High Frequency Strand Slippage Mutations in CTCF in MSI-Positive Endometrial Cancers
Communicated by Mark H. Paalman
Contract grant sponsor: National Institutes of Health (R21 CA155674, U01 HG006517).
ABSTRACT
Tumors with defective mismatch repair acquire large numbers of strand slippage mutations including frameshifts in coding sequence repeats. We identified a mutational hotspot, p.T204fs, in the insulator-binding protein (CTCF) in MSI-positive endometrial cancers. Although CTCF was described as a significantly mutated gene by the endometrial cancer TCGA, the A7 track variants leading to T204 frameshifts were not reported. Reanalysis of TCGA data using Pindel revealed frequent T204fs mutations, confirming CTCF is an MSI target gene and revealed the same frameshifts in tumors with intact mismatch repair. We show that T204fs transcripts are subject to nonsense-mediated decay and as such, T204fs mutations are unlikely to act as dominant negatives. The spectrum and pattern of mutations observed is consistent with CTCF acting as a haploinsufficient tumor suppressor.

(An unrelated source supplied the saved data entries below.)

definition polynomial_condition ::
  "(complex \<Rightarrow> complex) \<Rightarrow> (complex \<Rightarrow> complex \<Rightarrow> complex) \<Rightarrow> bool" where
  "polynomial_condition g P \<longleftrightarrow>
     (\<forall>R. C1_near0 R \<and> R \<in> o[at 0](g) \<longrightarrow>
        (\<forall>\<^sub>F z in at 0. Im (P z (cnj z + g z + R z)) > 0 \<and>
                        Im (P z (cnj z - g z + R z)) < 0))"

end

theory Submission
  imports Defs
begin

text \<open>Let d = 2s - 1 and write p = p_d + (higher terms). On the ray t w (t > 0) homogeneity gives
  cnj (t w) +- g (t w) = t (cnj w +- t^(m-1) g w), so after division by t^d the two sign
  conditions say Im q_t(w, cnj w +- t^(m-1) g w) > 0 resp. < 0, where q_t(z, w) = t^(-d) p(t z, t w)
  tends to p_d as t -> 0. In the limit Im p_d(w, cnj w) = 0 on the unit circle; there
  w^d (p_d(w, cnj w) - cnj (p_d(w, cnj w))) is a polynomial in w^2 whose coefficients measure the
  failure of complex symmetry, and it vanishes on the whole circle, hence identically. Subtracting
  the two conditions and dividing by 2 t^(m-1) yields a central difference quotient of q_t
  in the second variable, whose limit gives Im (d p_d/d zeta_2 (w, cnj w) * g w) >= 0.\<close>

text \<open>Since 0 ^ 0 = 1 and nat subtraction truncates, the factor 0 ^ (i + j - d) kills exactly
  the monomials of degree above d; those below d vanish by assumption.\<close>

lemma sum_triangle_degree_part:
  fixes c F :: "nat \<Rightarrow> nat \<Rightarrow> 'a::comm_ring_1"
  assumes low: "\<forall>i j. i + j < d \<longrightarrow> c i j = 0" and "d \<le> N"
  shows "(\<Sum>i\<le>N. \<Sum>j\<le>N - i. c i j * 0 ^ (i + j - d) * F i j) =
         (\<Sum>i\<le>d. c i (d - i) * F i (d - i))"
proof -
  have "(\<Sum>j\<le>N - i. c i j * 0 ^ (i + j - d) * F i j) =
        (if i \<le> d then c i (d - i) * F i (d - i) else 0)" if "i \<le> N" for i
  proof -
    have "(\<Sum>j\<le>N - i. c i j * 0 ^ (i + j - d) * F i j) =
          (\<Sum>j\<le>N - i. if i \<le> d \<and> j = d - i then c i (d - i) * F i (d - i) else 0)"
    proof (intro sum.cong refl)
      fix j
      consider "i + j < d" | "i + j > d" | "i \<le> d" "j = d - i"
        by linarith
      then show "c i j * 0 ^ (i + j - d) * F i j =
                 (if i \<le> d \<and> j = d - i then c i (d - i) * F i (d - i) else 0)"
        by cases (use low in \<open>auto simp: power_0_left\<close>)
    qed
    then show ?thesis
      using that \<open>d \<le> N\<close> by (simp add: sum.delta' diff_le_mono)
  qed
  then have "(\<Sum>i\<le>N. \<Sum>j\<le>N - i. c i j * 0 ^ (i + j - d) * F i j) =
             (\<Sum>i\<le>N. if i \<le> d then c i (d - i) * F i (d - i) else 0)"
    by (intro sum.cong) auto
  also have "\<dots> = (\<Sum>i\<in>{i\<in>{..N}. i \<le> d}. c i (d - i) * F i (d - i))"
    by (rule sum.inter_filter[symmetric]) simp
  also have "{i\<in>{..N}. i \<le> d} = {..d}"
    using \<open>d \<le> N\<close> by auto
  finally show ?thesis .
qed
definition seed_count :: "nat \<Rightarrow> (nat \<Rightarrow> nat) \<Rightarrow> nat set \<Rightarrow> nat" where
  "seed_count m f T = card {j \<in> {0..<m}. f j \<in> T}"

lemma seed_count_mono: "T \<subseteq> T' \<Longrightarrow> seed_count m f T \<le> seed_count m f T'"
  unfolding seed_count_def by (intro card_mono) auto

lemma Xi_eq_seed_count:
  assumes "f \<in> seed_profiles n m"
  shows "Xi n m f S c = seed_count m f (electorate n S c)"
proof -
  have "{j \<in> {0..<m}. vote n (f j) S = c} = {j \<in> {0..<m}. f j \<in> electorate n S c}"
    using assms by (auto simp: electorate_def PiE_iff)
  then show ?thesis by (simp add: Xi_def seed_count_def)
qed

lemma winner_eq_Some_iff:
  "winner n m f S = Some a \<longleftrightarrow> a \<in> S \<and> (\<forall>a'\<in>S. a' \<noteq> a \<longrightarrow> Xi n m f S a' < Xi n m f S a)"
  (is "_ \<longleftrightarrow> ?W a")
proof -
  have unique: "a' = a" if "?W a" "?W a'" for a a'
  proof (rule ccontr)
    assume "a' \<noteq> a"
    then have "Xi n m f S a' < Xi n m f S a" "Xi n m f S a < Xi n m f S a'" using that by auto
    then show False by simp
  qed
  have the_eq: "(THE c. ?W c) = a" if "?W a" for a
    using that unique by (intro the_equality) blast+
  show ?thesis
  proof
    assume "winner n m f S = Some a"
    then obtain c where "?W c" and "winner n m f S = Some (THE c. ?W c)"
      unfolding winner_def by (auto split: if_splits)
    then show "?W a" using \<open>winner n m f S = Some a\<close> the_eq by simp
  next
    assume "?W a"
    then show "winner n m f S = Some a" unfolding winner_def using the_eq by auto
  qed
qed

lemma wins_two_round_iff:
  assumes "x \<notin> B"
  shows "wins_two_round n m f A B x \<longleftrightarrow>
    winner n m f A = Some x \<and> (\<exists>b. winner n m f B = Some b \<and> Xi n m f {x, b} b < Xi n m f {x, b} x)"
proof -
  have "b \<noteq> x" if "winner n m f B = Some b" for b
    using that assms by (auto simp: winner_eq_Some_iff)
  then show ?thesis unfolding wins_two_round_def by blast
qed

section \<open>Counting seed profiles\<close>

definition at_least_as_many :: "nat \<Rightarrow> nat \<Rightarrow> nat set \<Rightarrow> nat set \<Rightarrow> (nat \<Rightarrow> nat) set" where
  "at_least_as_many n m T U = {f \<in> seed_profiles n m. seed_count m f U \<le> seed_count m f T}"

lemma finite_at_least_as_many [simp]: "finite (at_least_as_many n m T U)"
  by (simp add: at_least_as_many_def finite_PiE)

lemma prod_seed_weights:
  fixes w :: real
  assumes "T \<inter> U = {}"
  shows "(\<Prod>j\<in>{0..<m}. if f j \<in> T then w else if f j \<in> U then 1 / w else 1)
    = w ^ seed_count m f T * (1 / w) ^ seed_count m f U"
proof -
  have "(\<Prod>j\<in>{0..<m}. if f j \<in> T then w else if f j \<in> U then 1 / w else 1)
      = (\<Prod>j\<in>{0..<m}. w ^ (if f j \<in> T then 1 else 0) * (1 / w) ^ (if f j \<in> U then 1 else 0))"
    using assms by (intro prod.cong) auto
  also have "\<dots> = w ^ (\<Sum>j\<in>{0..<m}. if f j \<in> T then 1 else 0) * (1 / w) ^ (\<Sum>j\<in>{0..<m}. if f j \<in> U then 1 else 0)"
    by (simp only: prod.distrib power_sum)
  finally show ?thesis
    by (simp only: seed_count_def card_eq_sum sum.inter_filter[OF finite_atLeastLessThan])
qed

lemma sum_seed_weights:
  fixes w :: real
  assumes "T \<inter> U = {}" "T \<subseteq> {1..n}" "U \<subseteq> {1..n}"
  shows "(\<Sum>s\<in>{1..n}. if s \<in> T then w else if s \<in> U then 1 / w else 1)
    = real n + real (card T) * (w - 1) - real (card U) * (1 - 1 / w)"
proof -
  have "(\<Sum>s\<in>{1..n}. if s \<in> T then w else if s \<in> U then 1 / w else 1)
      = (\<Sum>s\<in>{1..n}. 1 + (if s \<in> T then w - 1 else 0) - (if s \<in> U then 1 - 1 / w else 0))"
    using assms(1) by (intro sum.cong) auto
  also have "\<dots> = real n + real (card T) * (w - 1) - real (card U) * (1 - 1 / w)"
    using assms(2,3) by (simp add: sum.distrib sum_subtractf sum.If_cases Int_absorb2 Int_commute)
  finally show ?thesis .
qed

lemma card_at_least_as_many_le:
  fixes w :: real
  assumes TU: "T \<inter> U = {}" "T \<subseteq> {1..n}" "U \<subseteq> {1..n}" and "1 \<le> w"
  shows "real (card (at_least_as_many n m T U))
    \<le> (real n + real (card T) * (w - 1) - real (card U) * (1 - 1 / w)) ^ m"
proof -
  define g where "g s = (if s \<in> T then w else if s \<in> U then 1 / w else 1)" for s
  have g_nonneg: "0 \<le> g s" for s using \<open>1 \<le> w\<close> by (simp add: g_def)
  have weight_ge_1: "1 \<le> (\<Prod>j\<in>{0..<m}. g (f j))" if "f \<in> at_least_as_many n m T U" for f
  proof -
    define a b where "a = seed_count m f T" and "b = seed_count m f U"
    have "b \<le> a" using that by (simp add: at_least_as_many_def a_def b_def)
    have "(\<Prod>j\<in>{0..<m}. g (f j)) = w ^ a * (1 / w) ^ b"
      unfolding g_def a_def b_def by (rule prod_seed_weights[OF TU(1)])
    also have "\<dots> = w ^ (a - b)"
      using \<open>b \<le> a\<close> \<open>1 \<le> w\<close> by (simp add: power_diff field_simps)
    finally show ?thesis using \<open>1 \<le> w\<close> by simp
  qed
  have "real (card (at_least_as_many n m T U)) \<le> (\<Sum>f\<in>at_least_as_many n m T U. \<Prod>j\<in>{0..<m}. g (f j))"
    using sum_mono[OF weight_ge_1] by simp
  also have "\<dots> \<le> (\<Sum>f\<in>seed_profiles n m. \<Prod>j\<in>{0..<m}. g (f j))"
    by (intro sum_mono2 finite_PiE prod_nonneg g_nonneg) (auto simp: at_least_as_many_def)
  also have "\<dots> = (\<Prod>j\<in>{0..<m}. \<Sum>s\<in>{1..n}. g s)"
    by (rule prod_sum_PiE[symmetric]) auto
  also have "\<dots> = (\<Sum>s\<in>{1..n}. g s) ^ m"
    by simp
  also have "(\<Sum>s\<in>{1..n}. g s) = real n + real (card T) * (w - 1) - real (card U) * (1 - 1 / w)"
    unfolding g_def by (rule sum_seed_weights[OF TU])
  finally show ?thesis .
qed

lemma card_at_least_as_many_le_sqrt:
  assumes TU: "T \<inter> U = {}" "T \<subseteq> {1..n}" "U \<subseteq> {1..n}"
    and t: "real (card T) \<le> t" "0 < t" "t \<le> u" "u \<le> real (card U)"
  shows "real (card (at_least_as_many n m T U)) \<le> (real n - (sqrt u - sqrt t)\<^sup>2) ^ m"
proof -
  define a b where "a = sqrt u" and "b = sqrt t"
  have "0 < b" "b \<le> a" "a\<^sup>2 = u" "b\<^sup>2 = t" using t by (auto simp: a_def b_def)
  \<comment> \<open>The weight minimising the exponential-moment bound.\<close>
  define w where "w = a / b"
  have "1 \<le> w" using \<open>0 < b\<close> \<open>b \<le> a\<close> by (simp add: w_def)
  have "card T + card U \<le> n"
    using TU card_mono[of "{1..n}" "T \<union> U"] by (simp add: card_Un_disjoint finite_subset)
  moreover have "real n + real (card T) * (w - 1) - real (card U) * (1 - 1 / w)
      = (real n - real (card T) - real (card U)) + real (card T) * w + real (card U) / w"
    using \<open>1 \<le> w\<close> by (simp add: field_simps)
  moreover have "0 \<le> real (card T) * w" "0 \<le> real (card U) / w" using \<open>1 \<le> w\<close> by simp_all
  ultimately have base_nonneg: "0 \<le> real n + real (card T) * (w - 1) - real (card U) * (1 - 1 / w)"
    by linarith
  have "real n + real (card T) * (w - 1) - real (card U) * (1 - 1 / w)
      \<le> real n + t * (w - 1) - u * (1 - 1 / w)"
    using t \<open>1 \<le> w\<close> by (intro diff_mono add_left_mono mult_right_mono) (auto simp: field_simps)
  also have "\<dots> = real n - (a - b)\<^sup>2"
    using \<open>0 < b\<close> \<open>b \<le> a\<close> unfolding w_def \<open>a\<^sup>2 = u\<close>[symmetric] \<open>b\<^sup>2 = t\<close>[symmetric]
    by (simp add: field_simps power2_eq_square)
  finally show ?thesis
    using card_at_least_as_many_le[OF TU \<open>1 \<le> w\<close>, of m] base_nonneg
    unfolding a_def b_def by (meson order_trans power_mono)
qed

lemma sqrt_diff_squared_le:
  fixes t u :: real
  assumes "0 \<le> t" "t \<le> u"
  shows "(sqrt u - sqrt t)\<^sup>2 \<le> u"
proof -
  have "(sqrt u - sqrt t)\<^sup>2 \<le> (sqrt u)\<^sup>2"
    using assms by (intro power_mono) auto
  then show ?thesis using assms by simp
qed

lemma preimages_PiE_if:
  assumes "T \<inter> U = {}" "K \<subseteq> {0..<m}" "f \<in> PiE {0..<m} (\<lambda>j. if j \<in> K then T else U)"
  shows "{j \<in> {0..<m}. f j \<in> T} = K" "{j \<in> {0..<m}. f j \<in> U} = {0..<m} - K"
proof -
  have "f j \<in> T" if "j \<in> K" for j using PiE_mem[OF assms(3), of j] assms(2) that by auto
  moreover have "f j \<in> U" if "j \<in> {0..<m} - K" for j using PiE_mem[OF assms(3), of j] that by auto
  ultimately show "{j \<in> {0..<m}. f j \<in> T} = K" "{j \<in> {0..<m}. f j \<in> U} = {0..<m} - K"
    using assms(1,2) by blast+
qed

Endometrial cancer is the most common gynecologic malignancy in the United States. The majority of endometrial cancers are histologically classified as endometrioid adenocarcinomas [Siegel et al., 2012]. Endometrioid tumors frequently have defective DNA mismatch repair that leads to tumor microsatellite instability (MSI) [Duggan et al., 1994]. MSI is associated with elevated mutation frequency and in particular, strand slippage mutations (frameshifts) in simple repeats. Coding sequence repeats in a number of loci have been reported (MSH3, BAX, ATR, TARBP2, and others) [Melo et al., 2009; Schwartz et al., 1999; Swisher et al., 1998; Vassileva et al., 2002; Zighelboim et al., 2009]. However, unlike colon cancers with MSI, for which several MSI target genes have been described (TGFRB2, BAX, and additional loci [Markowitz et al., 1995]), bona fide MSI mutational targets in endometrial cancer remain elusive. We identified frequent insertion/deletion mutations in CCCTC-binding insulator and transcription factor (CTCF; MIM #604167) in MSI-positive endometrial cancers.
We performed exome sequencing for primary tumors from eight women with early stage MSI-positive endometrioid adenocarcinomas who subsequently recurred (Supp. Methods). Three tumors carried CTCF variants: one with a p.R29W substitution and two with an insertion, p.T204fs (Fig. 1A). Neither variant was reported by the endometrial Cancer Genome Atlas (TCGA) [Kandoth et al., 2013].

Analysis of the CTCF coding region in an additional 149 primary endometrioid tumors (98 MSI-positive and 51 with normal mismatch repair previously assessed for MSI as described [Kandoth et al., 2013; Zighelboim et al., 2009]) proved that the A7 track in exon 3 is a mutational hot spot in cancers with defective DNA mismatch repair: 25% of MSI-positive cases carried either the A insertion mutation initially identified in our exome sequencing studies, or an A deletion mutation (17 cases with p.T204fs*26 and 8 cases with p.T204fs*18, respectively) (Table 1). The overall mutation rate was 35% for MSI-positive tumors and 20% for MSI-negative tumors, with two additional MSI-positive tumors having silent mutations. The vast majority of somatic variants identified are almost certainly loss of function mutations (32 frameshifts, five stops, and three splice site mutations) with only six missense mutations seen (four in MSI-positive tumor and two in MSI-negative tumors). It is noteworthy that among the 43 cases with mutations only two had a second mutation: one microsatellite stable tumor carried two frameshift mutations (p.V50fs and p.M285fs) and an MSI-positive tumor had a stop and two missense mutations (p.R457*, p.A694V, and p.L722I) (Table 1). CTCF mutations were more common in low grade tumors than high grade tumors (37% mutation in grade 1, 28% in grade 2, and 19% in grade 3 cancers) but the difference did not reach statistical significance (P = 0.052 for trend). There was no association with FIGO stage, patient BMI or age at diagnosis (Supp. Table S1).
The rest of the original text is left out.